This is the final installment of my interview with Michael Bergman. The interview started here. Today Michael talks about federated search, the semantic Web, and his work with Zitgist.
17. What do you see as the pros and cons of real-time federated search vs. crawling, indexing and harvesting?
I mostly see these two approaches filling very different needs with different approaches.
A number of years back I wrote a white paper on the inadequacy of standard search alone for business purposes. It basically contrasted and compared standard search, which I called discovery, from purposeful capture or harvest.
Search engines work best in the discovery phase, when searching is a fast, give-and-take, contact sport. Real-time performance is important and interaction and testing are the user mode. I frankly feel deep Web search is not terribly useful or helpful in this phase. Identifying candidate searchable databases can be very important in this phase, but that can be accomplished from a search engine for databases such as CompletePlanet or the DQM rather than going to the site directly (reserving deep Web search for the purposeful harvest mode.)
Once the researcher has got a good bead on their capture requirements, harvesting and the deep Web come to the fore. But, this can be scheduled, and need not meet a real-time criterion.
18. What do you see as major challenges with real-time federated search?
I guess I really do not see the need for real-time federated search involving the deep Web; federated search, yes, but real time, no. Again, I would put that into the purposeful harvesting category, and not subject to the discovery threshold of being real-time.
19. What do you think the landscape of federated search will look like in ten years? This blog is sponsoring a writing contest to predict the future of federated search. Perhaps you’d like to enter?
No, thank you (smile), I think I’ll pass on any writing contests.
As for ten years out, I think it is important to distinguish the quick search, look up or discovery from purposeful information gathering (which implies thoroughness and the harvesting of good candidates.) Of course, these same distinctions occur today.
I would guess that a source like Google (perhaps an emerging competitor) will continue to do an excellent job of “indexing everything” for quick search and discovery. This will be supplemented by much metadata and support for faceted search, or a basic “slicing-and-dicing” for better organization of results. High-value content formally in the deep Web will become exposed as well, either through direct content owner relationships or the harvesting techniques at the scale recently announced by Alon Halevy and Google.
For purposeful information gathering I obviously believe the trend will be inexorably to structured representation of text and the addition of semantics. This is what my current company, Zitgist, calls linked data. It responds to the area of purposeful information gathering and analysis that is at the core of an information economy.

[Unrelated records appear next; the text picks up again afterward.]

lemma not_locally_bounded_sequence:
  fixes \<phi> :: "'a::real_normed_vector \<Rightarrow> real"
  assumes far: "\<And>\<rho> R. 0 < \<rho> \<Longrightarrow> \<exists>z\<in>cball x \<rho>. R < \<phi> z" and "0 < \<rho>0"
  obtains zs where "zs \<longlonglongrightarrow> x" "\<And>n. zs n \<in> cball x \<rho>0" "\<And>n. real n + R0 < \<phi> (zs n)"
proof -
  have "\<exists>z. z \<in> cball x (\<rho>0 / real (Suc n)) \<and> real n + R0 < \<phi> z" for n
    using far[of "\<rho>0 / real (Suc n)" "real n + R0"] \<open>0 < \<rho>0\<close> by auto
  then obtain zs where zs: "\<And>n. zs n \<in> cball x (\<rho>0 / real (Suc n))" "\<And>n. real n + R0 < \<phi> (zs n)"
    by metis
  have "zs n \<in> cball x \<rho>0" for n
  proof -
    have "\<rho>0 / real (Suc n) \<le> \<rho>0 / 1"
      using \<open>0 < \<rho>0\<close> by (intro frac_le) auto
    then show ?thesis
      using zs(1)[of n] unfolding mem_cball by linarith
  qed
  moreover have "zs \<longlonglongrightarrow> x"
  proof (rule LIM_zero_cancel, rule Lim_null_comparison)
    show "eventually (\<lambda>n. norm (zs n - x) \<le> \<rho>0 / real (Suc n)) sequentially"
      using zs(1) by (simp add: dist_norm norm_minus_commute)
    show "(\<lambda>n. \<rho>0 / real (Suc n)) \<longlonglongrightarrow> 0"
      using LIMSEQ_Suc[OF lim_const_over_n[of \<rho>0]] by simp
  qed
  ultimately show ?thesis
    using that zs(2) by blast
qed

lemma minimizers_locally_bounded:
  fixes f :: "'a::euclidean_space \<times> 'b::euclidean_space \<Rightarrow> real" and g :: "'a \<times> 'b \<Rightarrow> real^'p"
    and us :: "'a \<Rightarrow> 'b"
  assumes cont_f: "continuous_on UNIV f" and cont_g: "continuous_on UNIV g"
    and strict: "\<And>z. strictly_convex_on UNIV (\<lambda>u. f (z, u))"
    and convex_g: "\<And>z i. convex_on UNIV (\<lambda>u. g (z, u) $ i)"
    and min: "\<And>z. is_minimizer f g z (us z)"
    and "local_compact_feasibility g x"
  obtains \<rho> R where "0 < \<rho>" "\<And>z. z \<in> cball x \<rho> \<Longrightarrow> norm (us z) \<le> R"
proof (rule ccontr)
  assume "\<not> thesis"
  with that have far: "\<exists>z\<in>cball x \<rho>. R < norm (us z)" if "0 < \<rho>" for \<rho> R
    using \<open>0 < \<rho>\<close> by (meson not_le)
  obtain K \<delta> where K: "compact K" "0 < \<delta>" "\<And>y. norm (y - x) < \<delta> \<Longrightarrow> \<exists>u\<in>K. feasible g y u"
    using \<open>local_compact_feasibility g x\<close> unfolding local_compact_feasibility_def by blast
  have "compact (f ` (cball x (\<delta> / 2) \<times> K))"
    using K(1) by (intro compact_continuous_image continuous_on_subset[OF cont_f] compact_Times) auto
  then obtain Mf where "\<forall>v\<in>f ` (cball x (\<delta> / 2) \<times> K). norm v \<le> Mf"
    using compact_imp_bounded[of "f ` (cball x (\<delta> / 2) \<times> K)"] unfolding bounded_iff by blast
  then have Mf: "f (z, u) \<le> Mf" if "z \<in> cball x (\<delta> / 2)" "u \<in> K" for z u
    using that by force
  obtain RK where RK: "\<And>u. u \<in> K \<Longrightarrow> norm u \<le> RK"
    using compact_imp_bounded[OF K(1)] unfolding bounded_iff by blast
  obtain zs where zs: "zs \<longlonglongrightarrow> x" "\<And>n. zs n \<in> cball x (\<delta> / 2)" "\<And>n. real n + RK < norm (us (zs n))"
    using not_locally_bounded_sequence[of x "\<lambda>z. norm (us z)"] far K(2) by (metis half_gt_zero)
  have "\<exists>u. u \<in> K \<and> feasible g (zs n) u" for n
  proof -
    have "norm (zs n - x) < \<delta>"
      using zs(2)[of n] K(2) by (simp add: dist_norm norm_minus_commute)
    then show ?thesis
      using K(3) by blast
  qed
  then obtain ks where ks: "\<And>n. ks n \<in> K" "\<And>n. feasible g (zs n) (ks n)"
    by metis
  obtain k0 d where "norm d = 1"
      "\<And>\<tau>. 0 \<le> \<tau> \<Longrightarrow> feasible g x (k0 + \<tau> *\<^sub>R d) \<and> f (x, k0 + \<tau> *\<^sub>R d) \<le> Mf"
  proof (rule unbounded_minimizers_recession_ray[where z=zs and k=ks and u="\<lambda>n. us (zs n)" and c=Mf,
        OF cont_f cont_g strict convex_g K(1) zs(1) ks])
    show "f (zs n, ks n) \<le> Mf" for n
      using Mf zs(2) ks(1) by blast
    show "real n < norm (us (zs n) - ks n)" for n
      using zs(3)[of n] RK[OF ks(1)[of n]] norm_triangle_ineq2[of "us (zs n)" "ks n"] by linarith
  qed (use min that in blast)+
  moreover have "continuous_on UNIV (\<lambda>u. f (x, u))" "continuous_on UNIV (\<lambda>u. g (x, u))"
    by (intro continuous_on_compose2[OF cont_f] continuous_on_compose2[OF cont_g] continuous_intros;
        simp)+
  ultimately show False
    using minimizer_no_recession_direction[OF _ _ strict convex_g min] by fastforce
qed

section \<open>Almost everywhere differentiability of Lipschitz functions\<close>

lemma frequently_slope_obtain_interval:
  fixes h :: "real \<Rightarrow> real"
  assumes "frequently (\<lambda>t. P ((h (x + t) - h x) / t)) (at 0)" and "0 < d"
  obtains a b where "a < b" "b - a < d" "x \<in> {a..b}" "P ((h b - h a) / (b - a))"
proof -
  obtain t where t: "t \<noteq> 0" "\<bar>t\<bar> < d" "P ((h (x + t) - h x) / t)"
    using assms unfolding frequently_def eventually_at dist_real_def by force
  show ?thesis
  proof (cases "0 < t")
    case True
    then show ?thesis using t by (intro that[of x "x + t"]) auto
  next
    case False
    then have "(h x - h (x + t)) / (x - (x + t)) = (h (x + t) - h x) / t"
      using t(1) by (simp add: divide_simps)
    then show ?thesis using t False by (intro that[of "x + t" x]) auto
  qed
qed

lemma Vitali_covering_intervals:
  fixes E U :: "real set" and P :: "real \<Rightarrow> real \<Rightarrow> bool"
  assumes "open U" "E \<subseteq> U"
    and fine: "\<And>x d. x \<in> E \<Longrightarrow> 0 < d \<Longrightarrow> \<exists>a b. a < b \<and> b - a < d \<and> x \<in> {a..b} \<and> P a b"
  obtains C where "countable C" "\<And>a b. (a, b) \<in> C \<Longrightarrow> a < b \<and> {a..b} \<subseteq> U \<and> P a b"
    "disjoint_family_on (\<lambda>(a, b). {a..b}) C" "negligible (E - (\<Union>(a, b)\<in>C. {a..b}))"
proof -
  define K where "K = {(a, b). a < b \<and> {a..b} \<subseteq> U \<and> P a b}"
  define c where "c = (\<lambda>(a, b). (a + b) / 2 :: real)"
  define r where "r = (\<lambda>(a, b). (b - a) / 2 :: real)"
  have ball_eq: "cball (c i) (r i) = (\<lambda>(a, b). {a..b}) i" for i
    by (cases i) (simp add: c_def r_def cball_eq_atLeastAtMost field_simps)
  have r_pos: "0 < r i" if "i \<in> K" for i
    using that by (cases i) (simp add: K_def r_def)
  have fine_K: "\<exists>i. i \<in> K \<and> x \<in> cball (c i) (r i) \<and> r i < d" if "x \<in> E" "0 < d" for x d
  proof -
    obtain e where e: "0 < e" "ball x e \<subseteq> U"
      using \<open>x \<in> E\<close> assms(1,2) open_contains_ball by blast
    obtain a b where ab: "a < b" "b - a < min d e" "x \<in> {a..b}" "P a b"
      using fine[OF \<open>x \<in> E\<close>, of "min d e"] \<open>0 < d\<close> e(1) by auto
    have "{a..b} \<subseteq> ball x e"
      using ab by (auto simp: dist_real_def)
    with ab e show ?thesis
      by (intro exI[of _ "(a, b)"])
         (auto simp: K_def ball_eq r_def c_def dist_real_def abs_le_iff field_simps)
  qed
  obtain C where C: "countable C" "C \<subseteq> K"
      "pairwise (\<lambda>i j. disjnt (cball (c i) (r i)) (cball (c j) (r j))) C"
      "negligible (E - (\<Union>i\<in>C. cball (c i) (r i)))"
    by (rule Vitali_covering_theorem_cballs[OF r_pos fine_K]) blast
  have union_eq: "(\<Union>i\<in>C. cball (c i) (r i)) = (\<Union>(a, b)\<in>C. {a..b})"
    by (simp add: ball_eq)
  show ?thesis
  proof (rule that)
    show "a < b \<and> {a..b} \<subseteq> U \<and> P a b" if "(a, b) \<in> C" for a b
      using that C(2) by (auto simp: K_def)
    show "disjoint_family_on (\<lambda>(a, b). {a..b}) C"
      using C(3) unfolding pairwise_def disjoint_family_on_def disjnt_def ball_eq by blast
    show "negligible (E - (\<Union>(a, b)\<in>C. {a..b}))"
      using C(4) by (simp only: union_eq)
  qed (rule C(1))
qed

lemma negligible_Diff_Union_open_intervals:
  fixes C :: "(real \<times> real) set"
  assumes "countable C" "negligible (E - (\<Union>(a, b)\<in>C. {a..b}))"
  shows "negligible (E - (\<Union>(a, b)\<in>C. {a<..<b}))"
proof (rule negligible_subset)
  show "negligible ((E - (\<Union>(a, b)\<in>C. {a..b})) \<union> (\<Union>(a, b)\<in>C. {a, b}))"
    using assms by (intro negligible_Un negligible_countable_Union) auto
  show "E - (\<Union>(a, b)\<in>C. {a<..<b}) \<subseteq> (E - (\<Union>(a, b)\<in>C. {a..b})) \<union> (\<Union>(a, b)\<in>C. {a, b})"
    by (fastforce simp: less_le)
qed

lemma emeasure_disjoint_UN_scaled_le:
  assumes "sets M = sets N" "countable I" "disjoint_family_on A I" "\<And>i. i \<in> I \<Longrightarrow> A i \<in> sets M"
    and le: "\<And>i. i \<in> I \<Longrightarrow> c * emeasure M (A i) \<le> d * emeasure N (A i)"
  shows "c * emeasure M (\<Union>i\<in>I. A i) \<le> d * emeasure N (\<Union>i\<in>I. A i)"
proof -
  have "c * emeasure M (\<Union>i\<in>I. A i) = (\<integral>\<^sup>+i. c * emeasure M (A i) \<partial>count_space I)"
    using assms by (simp add: emeasure_UN_countable nn_integral_cmult)
  also have "\<dots> \<le> (\<integral>\<^sup>+i. d * emeasure N (A i) \<partial>count_space I)"
    using le by (intro nn_integral_mono) auto
  also have "\<dots> = d * emeasure N (\<Union>i\<in>I. A i)"
    using assms by (simp add: emeasure_UN_countable nn_integral_cmult)
  finally show ?thesis .
qed

lemma interval_measure_Union_intervals_le:
  fixes h :: "real \<Rightarrow> real" and C :: "(real \<times> real) set"
  assumes "mono h" "continuous_on UNIV h" "0 \<le> r"
    and "countable C" "disjoint_family_on (\<lambda>(a, b). {a..b}) C"
    and slope: "\<And>a b. (a, b) \<in> C \<Longrightarrow> a < b \<and> (h b - h a) / (b - a) < r"
  shows "emeasure (interval_measure h) (\<Union>(a, b)\<in>C. {a..b}) \<le>
    ennreal r * emeasure lborel (\<Union>(a, b)\<in>C. {a..b})"
proof -
  have "1 * emeasure (interval_measure h) (\<Union>(a, b)\<in>C. {a..b}) \<le> r * emeasure lborel (\<Union>(a, b)\<in>C. {a..b})"
  proof (rule emeasure_disjoint_UN_scaled_le)
    fix i assume "i \<in> C"
    obtain a b where i: "i = (a, b)"
      by (cases i)
    with slope[of a b] \<open>i \<in> C\<close> have "a < b" "h b - h a < r * (b - a)"
      by (auto simp: pos_divide_less_eq)
    with i assms(1-3) show "1 * emeasure (interval_measure h) ((\<lambda>(a, b). {a..b}) i) \<le>
        r * emeasure lborel ((\<lambda>(a, b). {a..b}) i)"
      by (simp add: emeasure_interval_measure_Icc monoD ennreal_mult[symmetric] ennreal_leI)
  qed (use assms in auto)
  then show ?thesis
    by simp
qed

lemma interval_measure_Union_intervals_ge:
  fixes h :: "real \<Rightarrow> real" and C :: "(real \<times> real) set"
  assumes "mono h" "continuous_on UNIV h" "0 \<le> s"
    and "countable C" "disjoint_family_on (\<lambda>(a, b). {a..b}) C"
    and slope: "\<And>a b. (a, b) \<in> C \<Longrightarrow> a < b \<and> s < (h b - h a) / (b - a)"
  shows "ennreal s * emeasure lborel (\<Union>(a, b)\<in>C. {a..b}) \<le>
    emeasure (interval_measure h) (\<Union>(a, b)\<in>C. {a..b})"
proof -
  have "s * emeasure lborel (\<Union>(a, b)\<in>C. {a..b}) \<le> 1 * emeasure (interval_measure h) (\<Union>(a, b)\<in>C. {a..b})"
  proof (rule emeasure_disjoint_UN_scaled_le)
    fix i assume "i \<in> C"
    obtain a b where i: "i = (a, b)"
      by (cases i)
    with slope[of a b] \<open>i \<in> C\<close> have "a < b" "s * (b - a) < h b - h a"
      by (auto simp: pos_less_divide_eq)
    with i assms(1-3) show "s * emeasure lborel ((\<lambda>(a, b). {a..b}) i) \<le>
        1 * emeasure (interval_measure h) ((\<lambda>(a, b). {a..b}) i)"
      by (simp add: emeasure_interval_measure_Icc monoD ennreal_mult[symmetric] ennreal_leI)
  qed (use assms in auto)
  then show ?thesis
    by simp
qed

20. Tim Berners-Lee, credited with inventing the World Wide Web, has been talking about the importance and value of the Semantic Web for years yet common folks don’t see much evidence of the Semantic Web gaining traction. Is there substance to the Semantic Web? What’s happening with it now and what does its future look like?
Wow, in 10,000 words or less?
No, actually, this is a very good question. As things go, I am a relative newbie to the semantic Web, only having studied and followed it closely since about 2005. I’m sure my perspective in coming later to the party may not be shared by those at the beginning, which dates to the mid-1990s as Berners-Lee’s vision naturally progressed from a Web of documents, as most of us currently know the Web, to a Web of data.
I think there is indeed incredibly important substance to the semantic Web. But, as I have written elsewhere, the semantic Web is more of a vision than a discernable point in time or a milestone.
The basic idea of the semantic Web is to shift the focus from documents to data. Give data a unique Web address. Characterize that data with rich metadata. Describe how things are related to one another so that relationships and connections can be traced. Provide defined structures for what these things and relationships “mean”; this is what provides the semantics, with the structures and their defined vocabularies known as “ontologies” (which in one analog can be seen as akin to a relational database schema).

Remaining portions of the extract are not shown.